*** Opening of Listed records ***
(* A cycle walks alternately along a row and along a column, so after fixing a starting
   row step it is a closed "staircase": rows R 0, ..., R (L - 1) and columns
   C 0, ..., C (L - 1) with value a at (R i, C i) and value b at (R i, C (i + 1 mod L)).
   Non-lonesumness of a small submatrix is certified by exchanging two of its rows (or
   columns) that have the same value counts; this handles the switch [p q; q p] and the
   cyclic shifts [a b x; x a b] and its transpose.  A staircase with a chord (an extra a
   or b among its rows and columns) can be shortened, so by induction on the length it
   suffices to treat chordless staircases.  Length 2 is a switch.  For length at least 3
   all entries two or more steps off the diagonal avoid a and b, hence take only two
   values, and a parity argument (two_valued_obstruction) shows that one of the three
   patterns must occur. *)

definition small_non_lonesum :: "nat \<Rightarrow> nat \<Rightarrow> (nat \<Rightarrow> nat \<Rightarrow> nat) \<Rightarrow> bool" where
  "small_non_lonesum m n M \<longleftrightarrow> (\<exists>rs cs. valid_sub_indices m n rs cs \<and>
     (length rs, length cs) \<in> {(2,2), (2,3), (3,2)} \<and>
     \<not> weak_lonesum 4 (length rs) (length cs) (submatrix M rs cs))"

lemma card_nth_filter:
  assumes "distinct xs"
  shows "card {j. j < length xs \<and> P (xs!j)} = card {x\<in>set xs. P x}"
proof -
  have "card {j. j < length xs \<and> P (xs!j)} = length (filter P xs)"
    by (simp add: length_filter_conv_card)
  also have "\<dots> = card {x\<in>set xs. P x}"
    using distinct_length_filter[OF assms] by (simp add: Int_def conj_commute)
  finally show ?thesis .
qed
*** Close of Listed records ***
*** Opening of Listed records ***
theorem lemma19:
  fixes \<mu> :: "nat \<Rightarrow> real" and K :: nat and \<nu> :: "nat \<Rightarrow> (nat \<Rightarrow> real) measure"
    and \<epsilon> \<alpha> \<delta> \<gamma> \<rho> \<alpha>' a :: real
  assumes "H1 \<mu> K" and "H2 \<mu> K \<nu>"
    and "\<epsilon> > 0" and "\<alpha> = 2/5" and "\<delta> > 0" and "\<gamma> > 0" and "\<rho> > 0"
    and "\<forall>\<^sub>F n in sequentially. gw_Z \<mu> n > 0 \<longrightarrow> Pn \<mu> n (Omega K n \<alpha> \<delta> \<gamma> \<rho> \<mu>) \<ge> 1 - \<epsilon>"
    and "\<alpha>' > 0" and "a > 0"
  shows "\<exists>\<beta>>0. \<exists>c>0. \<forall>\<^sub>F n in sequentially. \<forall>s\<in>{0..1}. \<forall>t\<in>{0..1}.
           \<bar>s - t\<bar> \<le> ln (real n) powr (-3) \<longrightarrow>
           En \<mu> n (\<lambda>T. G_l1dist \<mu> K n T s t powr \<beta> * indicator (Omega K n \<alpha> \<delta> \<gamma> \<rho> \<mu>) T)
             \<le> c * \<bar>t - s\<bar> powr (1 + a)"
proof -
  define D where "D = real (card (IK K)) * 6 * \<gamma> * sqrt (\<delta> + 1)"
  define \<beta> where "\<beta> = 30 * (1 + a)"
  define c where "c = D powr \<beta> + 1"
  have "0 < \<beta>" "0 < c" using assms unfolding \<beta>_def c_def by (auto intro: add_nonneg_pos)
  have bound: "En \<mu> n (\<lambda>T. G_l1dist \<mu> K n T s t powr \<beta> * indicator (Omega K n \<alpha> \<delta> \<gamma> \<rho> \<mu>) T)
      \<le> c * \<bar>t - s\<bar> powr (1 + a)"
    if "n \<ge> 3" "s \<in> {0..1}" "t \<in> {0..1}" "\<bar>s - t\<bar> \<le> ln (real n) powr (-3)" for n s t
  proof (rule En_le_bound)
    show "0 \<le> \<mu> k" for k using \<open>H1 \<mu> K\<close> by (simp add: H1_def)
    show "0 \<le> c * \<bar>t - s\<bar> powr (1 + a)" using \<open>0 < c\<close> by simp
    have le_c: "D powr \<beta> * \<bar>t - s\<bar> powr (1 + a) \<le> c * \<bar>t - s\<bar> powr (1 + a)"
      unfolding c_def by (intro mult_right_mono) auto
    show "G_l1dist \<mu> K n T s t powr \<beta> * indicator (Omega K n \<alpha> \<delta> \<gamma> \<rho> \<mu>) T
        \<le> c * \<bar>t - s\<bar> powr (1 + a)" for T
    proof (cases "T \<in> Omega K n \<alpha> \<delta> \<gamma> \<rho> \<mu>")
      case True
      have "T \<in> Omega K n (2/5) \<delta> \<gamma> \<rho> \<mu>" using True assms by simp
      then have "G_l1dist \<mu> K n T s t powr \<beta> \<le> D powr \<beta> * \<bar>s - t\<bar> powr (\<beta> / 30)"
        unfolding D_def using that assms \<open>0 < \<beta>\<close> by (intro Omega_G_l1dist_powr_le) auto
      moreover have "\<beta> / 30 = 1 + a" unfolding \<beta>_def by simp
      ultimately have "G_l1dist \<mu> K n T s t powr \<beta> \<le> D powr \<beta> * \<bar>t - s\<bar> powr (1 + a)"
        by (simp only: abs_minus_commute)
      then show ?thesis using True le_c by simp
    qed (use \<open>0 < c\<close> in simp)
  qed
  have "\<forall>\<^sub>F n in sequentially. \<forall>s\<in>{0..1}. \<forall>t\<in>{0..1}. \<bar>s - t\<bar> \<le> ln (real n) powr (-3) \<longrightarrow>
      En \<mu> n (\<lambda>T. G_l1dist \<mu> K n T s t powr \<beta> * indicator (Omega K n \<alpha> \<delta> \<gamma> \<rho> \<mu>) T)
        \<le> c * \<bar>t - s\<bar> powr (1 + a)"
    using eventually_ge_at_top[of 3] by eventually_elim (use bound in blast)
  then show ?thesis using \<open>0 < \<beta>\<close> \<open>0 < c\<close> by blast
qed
*** Close of Listed records ***
* Task item
How many of the lines in the records include the word "lambda"? Only the number should be given.

* Result of the task
3